Task: The required result is a line count: how many lines in this data hold the word "real". Give only that.

Recorded data
* * *

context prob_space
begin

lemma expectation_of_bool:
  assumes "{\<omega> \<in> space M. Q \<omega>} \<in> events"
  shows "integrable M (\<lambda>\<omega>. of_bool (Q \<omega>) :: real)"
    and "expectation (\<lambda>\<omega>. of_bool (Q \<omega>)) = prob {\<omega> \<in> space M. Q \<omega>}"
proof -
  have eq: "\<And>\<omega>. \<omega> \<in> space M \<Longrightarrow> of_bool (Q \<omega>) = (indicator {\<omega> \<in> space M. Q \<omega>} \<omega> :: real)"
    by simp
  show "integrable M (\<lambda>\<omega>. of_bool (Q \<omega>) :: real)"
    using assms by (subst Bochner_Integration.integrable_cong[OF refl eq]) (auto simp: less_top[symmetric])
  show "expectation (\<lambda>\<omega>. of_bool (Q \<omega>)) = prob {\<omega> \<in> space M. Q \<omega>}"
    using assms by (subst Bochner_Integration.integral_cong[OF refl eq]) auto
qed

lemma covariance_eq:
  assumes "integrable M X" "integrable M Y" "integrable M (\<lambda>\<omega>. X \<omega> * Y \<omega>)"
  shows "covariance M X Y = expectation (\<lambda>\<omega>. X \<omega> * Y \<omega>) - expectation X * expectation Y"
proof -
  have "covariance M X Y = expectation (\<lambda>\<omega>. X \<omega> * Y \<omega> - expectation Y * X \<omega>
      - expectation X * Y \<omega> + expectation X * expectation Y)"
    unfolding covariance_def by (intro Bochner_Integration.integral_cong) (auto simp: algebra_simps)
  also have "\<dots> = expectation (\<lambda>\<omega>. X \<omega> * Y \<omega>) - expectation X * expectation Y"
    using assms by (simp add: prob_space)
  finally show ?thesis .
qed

* * *

Answer section: 3